→ Problem statement:
After finding the line with "from has_derivative_compose[OF this assms]" in the data below, set down exactly each line through the one with "axis i (1::real))", inclusive, and stop there.

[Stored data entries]
= = = = =
lemma tint_iterated_swap:
  assumes "continuous_on cell F"
  shows "tint F = integral {0..1} (\<lambda>t. integral {0..1} (\<lambda>s. F (vector [s, t])))"
proof -
  have "continuous_on (cbox (0, 0) (1, 1)) (\<lambda>(s, t). F (vector [s, t]))"
    unfolding case_prod_beta'
    by (rule continuous_on_compose2[OF assms])
       (auto intro!: continuous_intros simp: mem_cell forall_2 cbox_Pair_eq)
  from integral_swap_continuous[OF this] show ?thesis
    unfolding tint_iterated[OF assms] by (simp add: cbox_interval)
qed

lemma has_integral_real_derivative:
  fixes F f :: "real \<Rightarrow> real"
  assumes "a \<le> b" "\<And>x. (F has_real_derivative f x) (at x)"
  shows "(f has_integral F b - F a) {a..b}"
  using assms by (intro fundamental_theorem_of_calculus)
    (simp_all add: has_real_derivative_iff_has_vector_derivative[symmetric] has_field_derivative_at_within)

lemma has_real_derivative_along_axis:
  assumes "\<And>x. (\<phi> has_derivative (\<lambda>h. \<Sum>j\<in>UNIV. P j x * h $ j)) (at x)"
  shows "((\<lambda>s. \<phi> (y + s *\<^sub>R axis i 1)) has_real_derivative P i (y + s *\<^sub>R axis i 1)) (at s)"
proof -
  have "((\<lambda>s. y + s *\<^sub>R axis i 1) has_derivative (\<lambda>h. h *\<^sub>R axis i 1)) (at s)"
    by (auto intro!: derivative_eq_intros)
  from has_derivative_compose[OF this assms]
  have "((\<lambda>s. \<phi> (y + s *\<^sub>R axis i 1)) has_derivative (\<lambda>h. \<Sum>j\<in>UNIV. P j (y + s *\<^sub>R axis i 1) * (h *\<^sub>R axis i 1) $ j)) (at s)"
    by (simp add: o_def)
  moreover have "(\<lambda>h. \<Sum>j\<in>UNIV. P j (y + s *\<^sub>R axis i 1) * (h *\<^sub>R axis i (1::real)) $ j) = (*) (P i (y + s *\<^sub>R axis i 1))"
    by (simp add: axis_def if_distrib[of "\<lambda>x. _ * x"] cong: if_cong)
  ultimately show ?thesis
    by (simp add: has_field_derivative_def)
qed

lemma tint_eq_0_if_axis_integrals_eq_0:
  assumes "continuous_on cell F" "\<And>y. integral {0..1} (\<lambda>s. F (y + s *\<^sub>R axis i 1)) = 0"
  shows "tint F = 0"
proof (cases "i = 1")
  case True
  have "vector [0, t] + s *\<^sub>R axis i 1 = vector [s, t]" for s t :: real
    using True by (simp add: vec_eq_iff forall_2 axis_def)
  then show ?thesis
    using assms(2)[of "vector [0, _]"] by (simp add: tint_iterated_swap[OF assms(1)])
next
  case False
  then have "vector [s, 0] + t *\<^sub>R axis i 1 = vector [s, t]" for s t :: real
    using exhaust_2[of i] by (simp add: vec_eq_iff forall_2 axis_def)
  then show ?thesis
    using assms(2)[of "vector [_, 0]"] by (simp add: tint_iterated[OF assms(1)])
qed

lemma tint_partial_derivative_eq_0:
  assumes "C1_periodic g D"
  shows "tint (D i) = 0"
proof (rule tint_eq_0_if_axis_integrals_eq_0)
  have deriv: "\<And>x. (g has_derivative (\<lambda>h. \<Sum>j\<in>UNIV. D j x * h $ j)) (at x)"
    and continuous: "continuous_on UNIV (D i)" and periodic: "periodic2 g"
    using assms by (auto simp: C1_periodic_def)
  show "continuous_on cell (D i)"
    using continuous by (rule continuous_on_subset) simp
  fix y
  have "((\<lambda>s. D i (y + s *\<^sub>R axis i 1)) has_integral g (y + 1 *\<^sub>R axis i 1) - g (y + 0 *\<^sub>R axis i 1)) {0..1}"
    by (rule has_integral_real_derivative) (simp_all add: has_real_derivative_along_axis[OF deriv])
  then show "integral {0..1} (\<lambda>s. D i (y + s *\<^sub>R axis i 1)) = 0"
    using periodic by (simp add: periodic2_def integral_unique)
qed

lemma continuous_on_if_C1_periodic:
  assumes "C1_periodic f P"
  shows "continuous_on S f" "continuous_on S (P i)"
proof -
  show "continuous_on S (P i)"
    using assms continuous_on_subset unfolding C1_periodic_def by blast
  show "continuous_on S f"
  proof (rule continuous_at_imp_continuous_on, rule ballI)
    fix x
    show "isCont f x"
      using assms unfolding C1_periodic_def by (blast intro: has_derivative_continuous)
  qed
qed

lemma C1_periodic_mult:
  assumes "C1_periodic f P" "C1_periodic g Q"
  shows "C1_periodic (\<lambda>x. f x * g x) (\<lambda>i x. f x * Q i x + P i x * g x)"
proof -
  have df: "\<And>x. (f has_derivative (\<lambda>h. \<Sum>i\<in>UNIV. P i x * h $ i)) (at x)"
    and dg: "\<And>x. (g has_derivative (\<lambda>h. \<Sum>i\<in>UNIV. Q i x * h $ i)) (at x)"
    using assms by (auto simp: C1_periodic_def)
  have "((\<lambda>x. f x * g x) has_derivative (\<lambda>h. \<Sum>i\<in>UNIV. (f x * Q i x + P i x * g x) * h $ i)) (at x)" for x
    using has_derivative_mult[OF df dg, of x]
    by (simp add: sum_distrib_left sum_distrib_right sum.distrib algebra_simps)
  moreover have "continuous_on UNIV (\<lambda>x. f x * Q i x + P i x * g x)" for i
    using continuous_on_if_C1_periodic[OF assms(1)] continuous_on_if_C1_periodic[OF assms(2)]
    by (intro continuous_intros)
  ultimately show ?thesis
    using assms by (simp add: C1_periodic_def periodic2_def)
qed

lemma weak_gradient_if_C1_periodic:
  assumes "C1_periodic f (\<lambda>i y. G y $ i)"
  shows "weak_gradient f G"
  unfolding weak_gradient_def
proof (intro conjI allI impI)
  show "integrable (lebesgue_on cell) (\<lambda>y. G y $ i)" for i
    unfolding cell_def by (rule continuous_imp_integrable) (rule continuous_on_if_C1_periodic[OF assms])
  fix \<phi> P i
  assume \<phi>: "C1_periodic \<phi> P"
  have "tint (\<lambda>y. f y * P i y + G y $ i * \<phi> y) = 0"
    using tint_partial_derivative_eq_0[OF C1_periodic_mult[OF assms \<phi>]] by simp
  moreover have "tint (\<lambda>y. f y * P i y + G y $ i * \<phi> y) = tint (\<lambda>y. f y * P i y) + tint (\<lambda>y. G y $ i * \<phi> y)"
    using continuous_on_if_C1_periodic[OF assms] continuous_on_if_C1_periodic[OF \<phi>]
    by (intro tint_add continuous_on_mult)
  ultimately show "tint (\<lambda>y. f y * P i y) = - tint (\<lambda>y. G y $ i * \<phi> y)"
    by simp
qed

lemma ess_bounded_if_continuous:
  assumes "continuous_on cell f"
  shows "ess_bounded f"
proof -
  have "compact (f ` cell)"
    by (rule compact_continuous_image[OF assms]) (simp add: cell_def)
  then obtain B where B: "\<forall>y\<in>cell. \<bar>f y\<bar> \<le> B"
    unfolding bounded_real[symmetric] by (meson compact_imp_bounded bounded_real image_eqI)
  have "AE y in lebesgue_on cell. y \<in> cell"
    by (rule AE_I2) simp
  then have "AE y in lebesgue_on cell. \<bar>f y\<bar> \<le> B"
    by eventually_elim (use B in blast)
  then show ?thesis
    unfolding ess_bounded_def ..
qed

lemma W1inf_if_C1_periodic:
  assumes "C1_periodic f (\<lambda>i y. G y $ i)" "periodic2 G"
  shows "W1inf f G"
proof -
  have measurable: "F \<in> borel_measurable lebesgue" if "continuous_on UNIV F" for F :: "real^2 \<Rightarrow> 'a::euclidean_space"
    using continuous_imp_measurable_on_sets_lebesgue[OF that] by (simp add: lebesgue_on_UNIV_eq)
  have "continuous_on UNIV G"
    using continuous_on_vec_lambda[of UNIV "\<lambda>i y. G y $ i"] continuous_on_if_C1_periodic(2)[OF assms(1)]
    by (simp add: vec_lambda_eta)
  then show ?thesis
    using assms measurable[OF continuous_on_if_C1_periodic(1)[OF assms(1)]] measurable[of G]
      ess_bounded_if_continuous continuous_on_if_C1_periodic[OF assms(1)]
    by (simp add: W1inf_def C1_periodic_def weak_gradient_if_C1_periodic)
qed

section \<open>Tensor products\<close>

definition tensor :: "(real \<Rightarrow> real) \<Rightarrow> (real \<Rightarrow> real) \<Rightarrow> real^2 \<Rightarrow> real" where
  "tensor u w y = u (y$1) * w (y$2)"

lemma continuous_on_tensor [continuous_intros]:
  assumes "continuous_on UNIV u" "continuous_on UNIV w"
  shows "continuous_on S (tensor u w)"
  unfolding tensor_def
  by (intro continuous_intros continuous_on_compose2[OF assms(1)] continuous_on_compose2[OF assms(2)]) auto

lemma integral_cbox_tensor:
  assumes "continuous_on UNIV u" "continuous_on UNIV w"
  shows "integral (cbox a b) (tensor u w) = integral {a$1..b$1} u * integral {a$2..b$2} w"
  unfolding integral_cbox_cart2_iterated[OF continuous_on_tensor[OF assms]]
  by (simp add: tensor_def)

lemma tint_tensor:
  assumes "continuous_on UNIV u" "continuous_on UNIV w"
  shows "tint (tensor u w) = integral {0..1} u * integral {0..1} w"
  using integral_cbox_tensor[OF assms, of 0 One]
  unfolding One_nth zero_index by (simp add: tint_eq_integral continuous_on_tensor assms cell_def)

lemma periodic2_tensor:
  assumes "\<And>t. u (t + 1) = u t" "\<And>t. w (t + 1) = w t"
  shows "periodic2 (tensor u w)"
  unfolding periodic2_def
proof (intro allI)
  fix x :: "real^2" and i :: 2
  show "tensor u w (x + axis i 1) = tensor u w x"
    using exhaust_2[of i] by (auto simp: tensor_def axis_def assms)
qed

definition tensor_gradient ::
    "(real \<Rightarrow> real) \<Rightarrow> (real \<Rightarrow> real) \<Rightarrow> (real \<Rightarrow> real) \<Rightarrow> (real \<Rightarrow> real) \<Rightarrow> real^2 \<Rightarrow> real^2" where
  "tensor_gradient u u' w w' y = vector [tensor u' w y, tensor u w' y]"

lemma tensor_has_derivative:
  assumes "\<And>t. (u has_real_derivative u' t) (at t)" "\<And>t. (w has_real_derivative w' t) (at t)"
  shows "(tensor u w has_derivative (\<lambda>h. \<Sum>i\<in>UNIV. tensor_gradient u u' w w' y $ i * h $ i)) (at y)"
proof -
  have nth: "((\<lambda>y. y $ i) has_derivative (\<lambda>h. h $ i)) (at y)" for i :: 2 and y :: "real^2"
    by (simp add: bounded_linear_imp_has_derivative bounded_linear_vec_nth)
  have "(tensor u w has_derivative
      (\<lambda>h. u (y$1) * (h$2 * w' (y$2)) + h$1 * u' (y$1) * w (y$2))) (at y)"
    unfolding tensor_def[abs_def]
    by (intro has_derivative_mult DERIV_compose_FDERIV[OF assms(1) nth] DERIV_compose_FDERIV[OF assms(2) nth])
  then show ?thesis
    by (simp add: tensor_gradient_def tensor_def sum_2 algebra_simps)
qed

lemma tensor_gradient_nth [simp]:
  "tensor_gradient u u' w w' y $ 1 = tensor u' w y" "tensor_gradient u u' w w' y $ 2 = tensor u w' y"
  by (simp_all add: tensor_gradient_def)

lemma W1inf_tensor:
  assumes deriv: "\<And>t. (u has_real_derivative u' t) (at t)" "\<And>t. (w has_real_derivative w' t) (at t)"
    and continuous: "continuous_on UNIV u'" "continuous_on UNIV w'"
    and periodic: "\<And>t. u (t + 1) = u t" "\<And>t. w (t + 1) = w t" "\<And>t. u' (t + 1) = u' t" "\<And>t. w' (t + 1) = w' t"
  shows "W1inf (tensor u w) (tensor_gradient u u' w w')"
proof (rule W1inf_if_C1_periodic)
  have "continuous_on UNIV u" "continuous_on UNIV w"
    using deriv by (meson DERIV_continuous continuous_at_imp_continuous_on)+
  then have "continuous_on UNIV (\<lambda>y. tensor_gradient u u' w w' y $ i)" for i
    using exhaust_2[of i] continuous by (auto intro!: continuous_on_tensor)
  then show "C1_periodic (tensor u w) (\<lambda>i y. tensor_gradient u u' w w' y $ i)"
    unfolding C1_periodic_def using periodic2_tensor periodic tensor_has_derivative deriv by blast
  show "periodic2 (tensor_gradient u u' w w')"
    using periodic2_tensor[of u' w] periodic2_tensor[of u w'] periodic
    by (simp add: periodic2_def tensor_gradient_def)
qed

lemma tint_tensor_square:
  assumes "continuous_on UNIV u" "continuous_on UNIV w"
  shows "tint (\<lambda>y. (tensor u w y)\<^sup>2) = integral {0..1} (\<lambda>t. (u t)\<^sup>2) * integral {0..1} (\<lambda>t. (w t)\<^sup>2)"
  using tint_tensor[of "\<lambda>t. (u t)\<^sup>2" "\<lambda>t. (w t)\<^sup>2"] assms
  by (simp add: tensor_def[abs_def] power_mult_distrib continuous_intros)

lemma L1norm_tensor:
  assumes "continuous_on UNIV u" "continuous_on UNIV w"
  shows "L1norm (tensor u w) = integral {0..1} (\<lambda>t. \<bar>u t\<bar>) * integral {0..1} (\<lambda>t. \<bar>w t\<bar>)"
  using tint_tensor[of "\<lambda>t. \<bar>u t\<bar>" "\<lambda>t. \<bar>w t\<bar>"] assms
  by (simp add: L1norm_def tensor_def[abs_def] abs_mult continuous_intros)

lemma L2norm_tensor:
  assumes "continuous_on UNIV u" "continuous_on UNIV w"
  shows "L2norm (tensor u w) = sqrt (integral {0..1} (\<lambda>t. (u t)\<^sup>2) * integral {0..1} (\<lambda>t. (w t)\<^sup>2))"
  by (simp add: L2norm_def tint_tensor_square assms)

lemma L2norm_vec_tensor_gradient:
  assumes "continuous_on UNIV u" "continuous_on UNIV w" "continuous_on UNIV u'" "continuous_on UNIV w'"
  shows "L2norm_vec (tensor_gradient u u' w w') =
    sqrt (integral {0..1} (\<lambda>t. (u' t)\<^sup>2) * integral {0..1} (\<lambda>t. (w t)\<^sup>2)
      + integral {0..1} (\<lambda>t. (u t)\<^sup>2) * integral {0..1} (\<lambda>t. (w' t)\<^sup>2))"
proof -
  have "(norm (tensor_gradient u u' w w' y))\<^sup>2 = (tensor u' w y)\<^sup>2 + (tensor u w' y)\<^sup>2" for y
    by (simp add: norm_vec_def L2_set_def sum_2)
  then show ?thesis
    using assms unfolding L2norm_vec_def
    by (simp add: tint_add tint_tensor_square continuous_intros)
qed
= = = = =
→ Result:
  from has_derivative_compose[OF this assms]
  have "((\<lambda>s. \<phi> (y + s *\<^sub>R axis i 1)) has_derivative (\<lambda>h. \<Sum>j\<in>UNIV. P j (y + s *\<^sub>R axis i 1) * (h *\<^sub>R axis i 1) $ j)) (at s)"
    by (simp add: o_def)
  moreover have "(\<lambda>h. \<Sum>j\<in>UNIV. P j (y + s *\<^sub>R axis i 1) * (h *\<^sub>R axis i (1::real)) $ j) = (*) (P i (y + s *\<^sub>R axis i 1))"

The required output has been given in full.